_About this task_.
Pull out every line with the word "values" from the entries below.

_Provided records_.
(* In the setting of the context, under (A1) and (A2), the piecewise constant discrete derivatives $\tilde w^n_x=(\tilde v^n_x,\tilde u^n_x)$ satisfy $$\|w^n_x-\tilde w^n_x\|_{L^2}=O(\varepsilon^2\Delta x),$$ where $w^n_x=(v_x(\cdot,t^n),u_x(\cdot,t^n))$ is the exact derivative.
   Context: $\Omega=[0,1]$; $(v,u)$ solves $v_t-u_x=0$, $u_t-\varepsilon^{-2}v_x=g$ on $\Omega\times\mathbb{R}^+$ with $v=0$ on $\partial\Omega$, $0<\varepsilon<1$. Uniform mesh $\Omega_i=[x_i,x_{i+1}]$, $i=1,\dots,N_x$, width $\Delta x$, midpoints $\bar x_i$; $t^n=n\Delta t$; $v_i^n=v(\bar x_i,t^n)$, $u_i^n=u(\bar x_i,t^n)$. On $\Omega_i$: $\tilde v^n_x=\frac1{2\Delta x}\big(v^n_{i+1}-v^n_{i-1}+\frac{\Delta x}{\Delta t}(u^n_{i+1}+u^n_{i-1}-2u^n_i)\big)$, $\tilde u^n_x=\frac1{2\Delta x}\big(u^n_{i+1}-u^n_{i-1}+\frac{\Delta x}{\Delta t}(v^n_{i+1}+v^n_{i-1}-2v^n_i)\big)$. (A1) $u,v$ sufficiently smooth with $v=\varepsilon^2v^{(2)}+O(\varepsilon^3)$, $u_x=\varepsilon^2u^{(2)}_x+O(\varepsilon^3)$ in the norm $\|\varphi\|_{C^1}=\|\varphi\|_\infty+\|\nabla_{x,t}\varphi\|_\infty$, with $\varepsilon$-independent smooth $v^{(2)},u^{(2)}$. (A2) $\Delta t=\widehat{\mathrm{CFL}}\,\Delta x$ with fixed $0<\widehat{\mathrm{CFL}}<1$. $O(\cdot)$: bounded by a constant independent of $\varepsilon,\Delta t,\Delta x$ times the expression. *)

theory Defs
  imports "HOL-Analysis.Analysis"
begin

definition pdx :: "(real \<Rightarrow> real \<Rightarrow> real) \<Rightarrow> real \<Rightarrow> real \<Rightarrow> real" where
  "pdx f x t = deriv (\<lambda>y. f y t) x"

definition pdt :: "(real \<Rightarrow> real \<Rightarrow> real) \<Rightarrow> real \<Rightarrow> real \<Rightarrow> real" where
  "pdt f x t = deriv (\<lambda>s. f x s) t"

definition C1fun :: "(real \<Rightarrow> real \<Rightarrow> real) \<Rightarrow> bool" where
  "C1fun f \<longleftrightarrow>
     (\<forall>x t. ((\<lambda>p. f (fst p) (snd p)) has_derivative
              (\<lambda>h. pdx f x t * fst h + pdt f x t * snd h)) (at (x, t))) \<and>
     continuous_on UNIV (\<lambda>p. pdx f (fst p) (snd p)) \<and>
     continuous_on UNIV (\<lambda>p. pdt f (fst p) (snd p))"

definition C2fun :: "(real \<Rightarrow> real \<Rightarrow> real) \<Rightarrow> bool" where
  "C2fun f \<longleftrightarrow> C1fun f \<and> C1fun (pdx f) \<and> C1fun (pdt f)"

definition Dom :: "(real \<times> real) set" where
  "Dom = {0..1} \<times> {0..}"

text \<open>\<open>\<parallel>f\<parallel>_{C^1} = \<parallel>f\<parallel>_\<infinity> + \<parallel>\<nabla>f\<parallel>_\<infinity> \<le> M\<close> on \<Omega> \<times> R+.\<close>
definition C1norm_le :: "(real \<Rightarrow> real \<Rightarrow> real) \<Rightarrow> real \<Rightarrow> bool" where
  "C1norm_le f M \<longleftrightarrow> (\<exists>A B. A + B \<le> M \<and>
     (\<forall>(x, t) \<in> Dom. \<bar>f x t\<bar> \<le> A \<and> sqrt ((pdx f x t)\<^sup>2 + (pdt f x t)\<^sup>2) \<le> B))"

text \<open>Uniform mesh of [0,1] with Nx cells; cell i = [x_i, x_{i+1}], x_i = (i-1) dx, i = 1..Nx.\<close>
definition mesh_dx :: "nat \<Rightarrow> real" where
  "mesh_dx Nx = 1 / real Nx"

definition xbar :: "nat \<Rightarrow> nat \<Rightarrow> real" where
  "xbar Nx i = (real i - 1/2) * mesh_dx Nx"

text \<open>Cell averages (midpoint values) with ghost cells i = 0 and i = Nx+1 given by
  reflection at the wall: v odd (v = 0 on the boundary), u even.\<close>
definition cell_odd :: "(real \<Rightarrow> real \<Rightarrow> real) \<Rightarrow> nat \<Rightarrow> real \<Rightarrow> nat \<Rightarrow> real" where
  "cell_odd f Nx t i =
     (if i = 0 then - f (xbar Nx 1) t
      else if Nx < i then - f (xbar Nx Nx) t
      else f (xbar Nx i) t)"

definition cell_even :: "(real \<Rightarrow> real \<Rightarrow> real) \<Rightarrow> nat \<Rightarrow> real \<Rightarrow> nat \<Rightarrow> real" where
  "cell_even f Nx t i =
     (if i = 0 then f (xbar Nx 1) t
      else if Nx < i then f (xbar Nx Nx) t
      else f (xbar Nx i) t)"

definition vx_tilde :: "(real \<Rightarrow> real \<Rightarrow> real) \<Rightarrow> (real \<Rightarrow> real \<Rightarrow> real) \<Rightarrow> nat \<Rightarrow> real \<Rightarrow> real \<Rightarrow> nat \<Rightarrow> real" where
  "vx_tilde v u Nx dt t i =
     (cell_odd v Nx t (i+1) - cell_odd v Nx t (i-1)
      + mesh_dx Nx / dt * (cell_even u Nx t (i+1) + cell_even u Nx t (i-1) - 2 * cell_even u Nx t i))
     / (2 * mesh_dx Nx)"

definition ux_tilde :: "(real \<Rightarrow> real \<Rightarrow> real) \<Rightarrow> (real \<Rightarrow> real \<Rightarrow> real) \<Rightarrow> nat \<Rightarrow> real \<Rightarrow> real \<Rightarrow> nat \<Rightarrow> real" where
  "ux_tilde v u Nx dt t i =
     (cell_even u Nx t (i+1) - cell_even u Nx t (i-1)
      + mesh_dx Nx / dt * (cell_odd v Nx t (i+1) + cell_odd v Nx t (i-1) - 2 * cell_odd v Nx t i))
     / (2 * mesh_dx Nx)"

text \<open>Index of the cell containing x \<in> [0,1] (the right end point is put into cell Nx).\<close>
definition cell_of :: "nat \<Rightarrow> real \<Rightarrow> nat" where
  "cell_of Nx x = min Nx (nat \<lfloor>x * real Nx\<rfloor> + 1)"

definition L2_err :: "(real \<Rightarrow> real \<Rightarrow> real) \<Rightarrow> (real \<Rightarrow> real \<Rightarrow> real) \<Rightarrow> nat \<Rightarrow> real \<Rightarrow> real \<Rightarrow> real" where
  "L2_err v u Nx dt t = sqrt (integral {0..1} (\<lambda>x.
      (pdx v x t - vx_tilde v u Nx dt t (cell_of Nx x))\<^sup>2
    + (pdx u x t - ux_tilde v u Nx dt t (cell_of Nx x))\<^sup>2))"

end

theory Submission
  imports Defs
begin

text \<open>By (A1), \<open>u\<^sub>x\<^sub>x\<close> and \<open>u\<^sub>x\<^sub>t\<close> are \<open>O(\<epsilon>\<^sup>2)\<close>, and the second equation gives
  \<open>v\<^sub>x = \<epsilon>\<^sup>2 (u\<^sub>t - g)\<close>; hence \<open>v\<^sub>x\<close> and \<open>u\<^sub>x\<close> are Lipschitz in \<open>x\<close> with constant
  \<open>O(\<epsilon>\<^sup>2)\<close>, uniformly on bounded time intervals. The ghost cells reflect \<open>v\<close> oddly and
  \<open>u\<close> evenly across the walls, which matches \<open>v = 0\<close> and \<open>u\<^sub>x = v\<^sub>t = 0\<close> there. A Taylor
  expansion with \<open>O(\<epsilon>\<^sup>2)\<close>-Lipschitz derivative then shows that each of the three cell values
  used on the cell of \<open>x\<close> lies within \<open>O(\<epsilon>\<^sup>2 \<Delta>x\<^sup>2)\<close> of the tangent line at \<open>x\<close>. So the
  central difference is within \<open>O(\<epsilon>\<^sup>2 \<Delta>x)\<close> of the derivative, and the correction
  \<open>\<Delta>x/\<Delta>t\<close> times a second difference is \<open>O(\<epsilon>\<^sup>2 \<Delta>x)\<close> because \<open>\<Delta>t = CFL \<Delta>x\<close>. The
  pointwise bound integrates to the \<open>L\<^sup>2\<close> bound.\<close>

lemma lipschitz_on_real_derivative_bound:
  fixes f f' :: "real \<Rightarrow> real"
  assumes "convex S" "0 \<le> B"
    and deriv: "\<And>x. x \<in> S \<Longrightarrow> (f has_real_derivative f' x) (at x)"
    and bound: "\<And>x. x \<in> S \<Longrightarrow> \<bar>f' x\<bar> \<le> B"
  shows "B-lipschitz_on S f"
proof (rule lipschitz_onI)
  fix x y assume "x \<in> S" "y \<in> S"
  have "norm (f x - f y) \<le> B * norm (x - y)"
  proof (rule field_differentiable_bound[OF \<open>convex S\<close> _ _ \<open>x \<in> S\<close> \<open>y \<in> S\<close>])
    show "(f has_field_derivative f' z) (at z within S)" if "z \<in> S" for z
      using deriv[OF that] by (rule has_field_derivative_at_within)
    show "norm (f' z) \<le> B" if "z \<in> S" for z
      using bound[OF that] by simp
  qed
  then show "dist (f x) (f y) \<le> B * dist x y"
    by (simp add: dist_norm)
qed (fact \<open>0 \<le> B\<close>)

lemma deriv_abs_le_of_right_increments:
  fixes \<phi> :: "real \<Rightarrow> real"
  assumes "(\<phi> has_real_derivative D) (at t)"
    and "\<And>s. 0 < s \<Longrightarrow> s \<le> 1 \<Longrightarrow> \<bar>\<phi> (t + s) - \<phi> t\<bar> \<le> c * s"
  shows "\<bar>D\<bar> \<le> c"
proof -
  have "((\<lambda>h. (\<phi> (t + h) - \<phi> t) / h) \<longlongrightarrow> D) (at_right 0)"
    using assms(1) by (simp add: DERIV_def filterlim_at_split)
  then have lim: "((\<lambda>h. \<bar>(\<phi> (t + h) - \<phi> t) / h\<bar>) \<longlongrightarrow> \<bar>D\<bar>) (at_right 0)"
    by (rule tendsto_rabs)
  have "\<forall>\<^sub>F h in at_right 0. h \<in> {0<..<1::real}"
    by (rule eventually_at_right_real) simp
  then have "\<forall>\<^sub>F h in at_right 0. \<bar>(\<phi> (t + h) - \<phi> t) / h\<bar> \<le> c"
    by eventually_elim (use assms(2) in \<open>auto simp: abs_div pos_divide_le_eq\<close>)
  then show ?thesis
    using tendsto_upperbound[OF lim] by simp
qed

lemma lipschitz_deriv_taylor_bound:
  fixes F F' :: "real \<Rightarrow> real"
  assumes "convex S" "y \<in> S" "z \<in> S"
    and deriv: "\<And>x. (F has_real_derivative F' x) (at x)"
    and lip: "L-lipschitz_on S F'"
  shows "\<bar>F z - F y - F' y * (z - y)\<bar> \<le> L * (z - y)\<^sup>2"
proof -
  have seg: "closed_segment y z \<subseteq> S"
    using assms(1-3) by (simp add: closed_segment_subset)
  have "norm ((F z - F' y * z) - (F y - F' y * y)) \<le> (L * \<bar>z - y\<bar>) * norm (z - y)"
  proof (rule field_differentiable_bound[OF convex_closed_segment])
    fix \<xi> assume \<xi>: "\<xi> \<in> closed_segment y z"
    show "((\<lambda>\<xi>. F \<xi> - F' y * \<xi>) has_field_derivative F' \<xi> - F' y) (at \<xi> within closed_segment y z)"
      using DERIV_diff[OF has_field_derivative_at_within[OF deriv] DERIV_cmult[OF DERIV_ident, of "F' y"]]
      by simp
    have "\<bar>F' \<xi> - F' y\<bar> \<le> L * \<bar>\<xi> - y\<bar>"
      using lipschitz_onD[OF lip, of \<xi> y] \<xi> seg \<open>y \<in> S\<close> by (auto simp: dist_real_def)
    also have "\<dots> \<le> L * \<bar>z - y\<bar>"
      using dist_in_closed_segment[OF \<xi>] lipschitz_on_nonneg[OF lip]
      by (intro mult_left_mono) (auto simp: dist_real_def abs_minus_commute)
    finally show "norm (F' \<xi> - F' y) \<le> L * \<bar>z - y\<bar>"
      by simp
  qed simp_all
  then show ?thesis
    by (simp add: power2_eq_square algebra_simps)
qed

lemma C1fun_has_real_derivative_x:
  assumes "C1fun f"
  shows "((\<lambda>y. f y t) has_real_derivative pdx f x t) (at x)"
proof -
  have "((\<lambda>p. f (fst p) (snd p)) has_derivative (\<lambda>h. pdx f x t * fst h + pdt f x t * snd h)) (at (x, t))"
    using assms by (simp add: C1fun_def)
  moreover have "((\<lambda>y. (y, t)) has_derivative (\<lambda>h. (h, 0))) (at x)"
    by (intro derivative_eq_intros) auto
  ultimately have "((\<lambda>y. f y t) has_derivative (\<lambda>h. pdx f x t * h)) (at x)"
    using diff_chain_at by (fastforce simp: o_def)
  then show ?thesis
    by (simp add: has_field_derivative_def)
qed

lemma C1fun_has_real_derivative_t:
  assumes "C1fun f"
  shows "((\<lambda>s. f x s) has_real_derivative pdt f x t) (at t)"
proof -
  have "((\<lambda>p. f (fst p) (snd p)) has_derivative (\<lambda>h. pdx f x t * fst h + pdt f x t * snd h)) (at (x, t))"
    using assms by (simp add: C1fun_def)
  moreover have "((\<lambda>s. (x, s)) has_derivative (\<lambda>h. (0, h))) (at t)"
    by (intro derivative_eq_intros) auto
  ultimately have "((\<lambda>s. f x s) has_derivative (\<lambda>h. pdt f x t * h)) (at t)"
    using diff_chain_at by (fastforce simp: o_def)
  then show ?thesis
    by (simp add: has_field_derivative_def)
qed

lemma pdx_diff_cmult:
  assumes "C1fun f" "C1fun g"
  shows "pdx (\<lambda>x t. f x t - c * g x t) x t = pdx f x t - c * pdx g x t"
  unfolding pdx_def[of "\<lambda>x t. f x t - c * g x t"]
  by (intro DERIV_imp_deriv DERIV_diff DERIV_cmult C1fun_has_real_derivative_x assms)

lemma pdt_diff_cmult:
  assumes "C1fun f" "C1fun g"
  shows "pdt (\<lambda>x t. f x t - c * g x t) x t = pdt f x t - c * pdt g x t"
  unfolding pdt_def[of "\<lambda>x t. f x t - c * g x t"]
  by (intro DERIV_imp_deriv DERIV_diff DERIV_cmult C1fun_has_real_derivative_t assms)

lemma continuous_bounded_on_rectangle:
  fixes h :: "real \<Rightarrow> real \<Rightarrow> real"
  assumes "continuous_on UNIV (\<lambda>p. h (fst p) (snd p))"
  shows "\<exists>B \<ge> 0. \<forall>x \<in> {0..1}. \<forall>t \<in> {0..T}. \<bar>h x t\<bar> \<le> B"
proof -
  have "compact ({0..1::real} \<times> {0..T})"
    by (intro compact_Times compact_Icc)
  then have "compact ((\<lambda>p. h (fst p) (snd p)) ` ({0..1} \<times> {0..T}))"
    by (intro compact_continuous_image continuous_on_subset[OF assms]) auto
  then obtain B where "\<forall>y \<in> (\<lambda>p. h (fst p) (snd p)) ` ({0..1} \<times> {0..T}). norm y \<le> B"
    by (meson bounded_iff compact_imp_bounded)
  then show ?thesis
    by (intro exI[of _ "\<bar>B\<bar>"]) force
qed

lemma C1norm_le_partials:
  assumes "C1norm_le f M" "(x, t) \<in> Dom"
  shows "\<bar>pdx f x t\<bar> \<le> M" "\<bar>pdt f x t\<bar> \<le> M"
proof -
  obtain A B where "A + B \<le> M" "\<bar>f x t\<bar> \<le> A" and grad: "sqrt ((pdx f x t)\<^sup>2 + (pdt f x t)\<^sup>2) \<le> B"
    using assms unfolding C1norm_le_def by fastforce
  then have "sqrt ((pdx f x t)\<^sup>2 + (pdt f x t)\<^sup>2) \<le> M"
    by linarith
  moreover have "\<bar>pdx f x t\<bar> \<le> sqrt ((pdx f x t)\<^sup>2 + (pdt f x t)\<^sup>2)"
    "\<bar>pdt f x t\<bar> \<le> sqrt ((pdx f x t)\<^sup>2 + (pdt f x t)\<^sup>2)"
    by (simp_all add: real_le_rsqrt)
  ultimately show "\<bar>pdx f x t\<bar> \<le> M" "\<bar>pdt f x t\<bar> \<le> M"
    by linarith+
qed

_Solution to the problem_.
text \<open>Cell averages (midpoint values) with ghost cells i = 0 and i = Nx+1 given by
  expansion with \<open>O(\<epsilon>\<^sup>2)\<close>-Lipschitz derivative then shows that each of the three cell values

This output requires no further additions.